Amerika Serikat (AS) selama ini terkenal sebagai pasar penghasil persenjataan dunia dan ditaksir bakal menjual hingga US$50 miliar pada tahun ini. Walaupun diketahui bisnis persenjataan dunia pada 2011 tidak akan sebaik setahun sebelumnya.

Sejumlah angkatan bersenjata di berbagai negara tahun lalu tercatat menghabiskan dana hingga US$1,63 triliun, atau naik tipis 1,3 persen dibandingkan tahun sebelumnya. Pengeluaran dana tersebut, termasuk untuk pembelian senjata, keperluan prajurit, serta dana untuk memelihara perlengkapan dan infrastruktur militer yang sudah dimiliki.

Berdasarkan data Stockholm International Peace Research Institute seperti dikutip VIVAnews.com dari laman 247wallst.com, Sabtu, 16 April 2011, disebutkan bahwa banyak negara yang hingga kini belum menyerah untuk mengurangi anggaran pertahanan mereka. Bahkan, belanja militer di negara-negara Afrika dan Amerika Selatan justru meningkat hingga 6 persen.

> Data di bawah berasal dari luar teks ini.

text \<open>The key estimate: [p]_r = p (\<dots>) + (r - 1)^(p-1), since p divides (p choose (k+1)) for k < p - 1.\<close>
lemma av_qint_prime_le:
  assumes close: "av (r - 1) \<le> 1"
  shows "av (qint r p) \<le> max (1 / real p) (av (r - 1) ^ (p - 1))"
proof -
  define s where "s = r - 1"
  have "qint r p = (\<Sum>k<Suc (p - 1). of_nat (p choose (k + 1)) * s ^ k)"
    using qint_binomial[of s p] p_gt1 by (simp add: s_def)
  also have "\<dots> = (\<Sum>k<p - 1. of_nat (p choose (k + 1)) * s ^ k)
                   + of_nat (p choose (p - 1 + 1)) * s ^ (p - 1)"
    by (rule sum.lessThan_Suc)
  also have "\<dots> = (\<Sum>k<p - 1. of_nat (p choose (k + 1)) * s ^ k) + s ^ (p - 1)"
    using p_gt1 by simp
  finally have expand: "qint r p = (\<Sum>k<p - 1. of_nat (p choose (k + 1)) * s ^ k) + s ^ (p - 1)" .
  have "av (\<Sum>k<p - 1. of_nat (p choose (k + 1)) * s ^ k) \<le> 1 / real p"
  proof (rule av_sum_le)
    fix k assume "k \<in> {..<p - 1}"
    then have "av (of_nat (p choose (k + 1))) \<le> 1 / real p"
      using prime by (intro av_of_nat_dvd dvd_choose_prime) auto
    then show "av (of_nat (p choose (k + 1)) * s ^ k) \<le> 1 / real p"
      using close by (metis s_def mult.commute av_mult_le av_power_le1)
  qed simp
  then show ?thesis
    unfolding expand using ultra_le[of _ "max (1 / real p) (av s ^ (p - 1))"]
    by (simp add: av_power s_def le_max_iff_disj)
qed

end

section \<open>The q-Euler numbers\<close>

locale qeuler_setting = padic_av av p for av :: "'a::field \<Rightarrow> real" and p :: nat +
  fixes q :: 'a
  assumes odd_p: "odd p" and q_close: "av (q - 1) < 1"
begin

text \<open>Contraction ratio: |[p^N]_q| \<le> rate^N.\<close>
definition rate :: real where
  "rate = max (1 / real p) (av (q - 1) ^ (p - 1))"

definition alt_sum :: "nat \<Rightarrow> nat \<Rightarrow> 'a" where
  "alt_sum n N = (\<Sum>x<p ^ N. (- 1) ^ x * qint q x ^ n)"

lemma rate_nonneg: "0 \<le> rate"
  unfolding rate_def by (simp add: le_max_iff_disj)

lemma rate_lt1: "rate < 1"
  using q_close nonneg[of "q - 1"] p_gt1 unfolding rate_def by (simp add: power_less_one_iff)

lemma av_two: "av 2 = 1"
proof -
  have "\<not> p dvd 2"
  proof
    assume "p dvd 2"
    then have "p \<le> 2" by (simp add: dvd_imp_le)
    with p_gt1 odd_p show False by (cases "p = 2") auto
  qed
  then have "\<not> int p dvd 2" by (metis int_dvd_int_iff of_nat_numeral)
  then show ?thesis using av_of_int_unit[of 2] by simp
qed

lemma av_q_le1: "av q \<le> 1"
  using av_le1_if_close_to_1 q_close by simp

lemma q_nonzero: "q \<noteq> 0"
  using q_close by auto

lemma av_one_plus: "av (x - 1) < 1 \<Longrightarrow> av (1 + x) = 1"
  using ultra_dominant[of "x - 1" 2] av_two by (simp add: add.commute)

lemma av_one_plus_qpow: "av (1 + q ^ m) = 1"
  using av_power_sub1_le[OF av_q_le1, of m] q_close by (intro av_one_plus) simp

lemma av_qint_prime_power: "av (qint q (p ^ N)) \<le> rate ^ N"
proof (induction N)
  case 0
  then show ?case by (simp add: qint_def)
next
  case (Suc N)
  have close: "av (q ^ p ^ N - 1) \<le> av (q - 1)" by (rule av_power_sub1_le[OF av_q_le1])
  then have "av (qint (q ^ p ^ N) p) \<le> max (1 / real p) (av (q ^ p ^ N - 1) ^ (p - 1))"
    using q_close by (intro av_qint_prime_le) simp
  also have "\<dots> \<le> rate" unfolding rate_def using close nonneg by (intro max.mono power_mono) auto
  finally have "av (qint (q ^ p ^ N) p) \<le> rate" .
  moreover have "qint q (p ^ Suc N) = qint q (p ^ N) * qint (q ^ p ^ N) p"
    by (simp add: qint_mult[symmetric] mult.commute)
  then have "av (qint q (p ^ Suc N)) = av (qint q (p ^ N)) * av (qint (q ^ p ^ N) p)"
    by (simp only: mult)
  ultimately have "av (qint q (p ^ Suc N)) \<le> rate ^ N * rate"
    using Suc rate_nonneg nonneg by (simp add: mult_mono)
  then show ?case by (simp add: mult.commute)
qed

lemma av_qpow_prime_power_sub1: "av (q ^ p ^ N - 1) \<le> rate ^ N"
  using qint_sub1[of q "p ^ N"] av_qint_prime_power[of N] q_close nonneg
  by (metis mult less_imp_le mult_left_le_one_le order_trans)

lemma av_qint_shift_le: "av (qint q (y + j * p ^ N) ^ n - qint q y ^ n) \<le> rate ^ N"
proof -
  define v where "v = q ^ y * (qint q (p ^ N) * qint (q ^ p ^ N) j)"
  have shift: "qint q (y + j * p ^ N) = qint q y + v"
    unfolding v_def by (simp add: qint_add qint_mult[symmetric] mult.commute)
  have "av (qint q (p ^ N) * qint (q ^ p ^ N) j) \<le> rate ^ N"
    using av_mult_le[OF av_qint_le1[OF av_power_le1[OF av_q_le1]] av_qint_prime_power[of N]]
    by (simp add: mult.commute)
  then have "av v \<le> rate ^ N"
    unfolding v_def by (rule av_mult_le[OF av_power_le1[OF av_q_le1]])
  moreover have "rate ^ N \<le> 1" using rate_nonneg rate_lt1 by (simp add: power_le_one)
  ultimately show ?thesis
    unfolding shift by (metis av_power_diff_le av_qint_le1 av_q_le1 order_trans)
qed

lemma alt_sum_le1: "av (alt_sum n N) \<le> 1"
  unfolding alt_sum_def
  by (rule av_sum_le) (auto intro!: av_mult_le av_power_le1 av_qint_le1 av_q_le1 simp: av_power)

text \<open>Splitting [0, p^(N+1)) into p blocks of length p^N; the odd number p of blocks
  with alternating signs reproduces S_N once, up to an error of size rate^N.\<close>
lemma alt_sum_step: "av (alt_sum n (Suc N) - alt_sum n N) \<le> rate ^ N"
proof -
  define M where "M = p ^ N"
  define E where "E j y = (- 1) ^ y * (qint q (y + j * M) ^ n - qint q y ^ n)" for j y
  have E_le: "av (E j y) \<le> rate ^ N" for j y
    unfolding E_def M_def using av_qint_shift_le by (simp add: mult av_power)
  have block: "(- 1) ^ (y + j * M) * qint q (y + j * M) ^ n
      = (- 1) ^ j * ((- 1) ^ y * qint q y ^ n + E j y)" for j y
  proof -
    have "(- 1 :: 'a) ^ (j * M) = (- 1) ^ j"
      using odd_p by (simp add: M_def power_mult mult.commute[of j])
    then show ?thesis unfolding E_def by (simp add: power_add algebra_simps)
  qed
  have "alt_sum n (Suc N) = (\<Sum>j<p. \<Sum>y<M. (- 1) ^ (y + j * M) * qint q (y + j * M) ^ n)"
    unfolding alt_sum_def M_def by (simp add: sum_split_blocks)
  also have "\<dots> = (\<Sum>j<p. (- 1) ^ j * (alt_sum n N + (\<Sum>y<M. E j y)))"
    unfolding block
    by (intro sum.cong refl) (simp add: alt_sum_def M_def sum.distrib flip: sum_distrib_left)
  also have "\<dots> = (\<Sum>j<p. (- 1) ^ j) * alt_sum n N + (\<Sum>j<p. (- 1) ^ j * (\<Sum>y<M. E j y))"
    by (simp add: sum.distrib distrib_left sum_distrib_right)
  finally have "alt_sum n (Suc N) - alt_sum n N = (\<Sum>j<p. (- 1) ^ j * (\<Sum>y<M. E j y))"
    by (simp add: sum_alternating_odd[OF odd_p])
  then show ?thesis
    by (simp only:) (auto intro!: av_sum_le av_mult_le E_le simp: av_power rate_nonneg)
qed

Di antara 10 negara di dunia yang mengeluarkan anggaran besar selama 10 tahun terakhir, tercatat empat negara dari kawasan Asia masuk dalam daftar tersebut. Sementara itu, dari kawasan Eropa tercatat lima negara memiliki anggaran militer terbesar yaitu Italia, Jerman, Rusia, Prancis, dan Inggris.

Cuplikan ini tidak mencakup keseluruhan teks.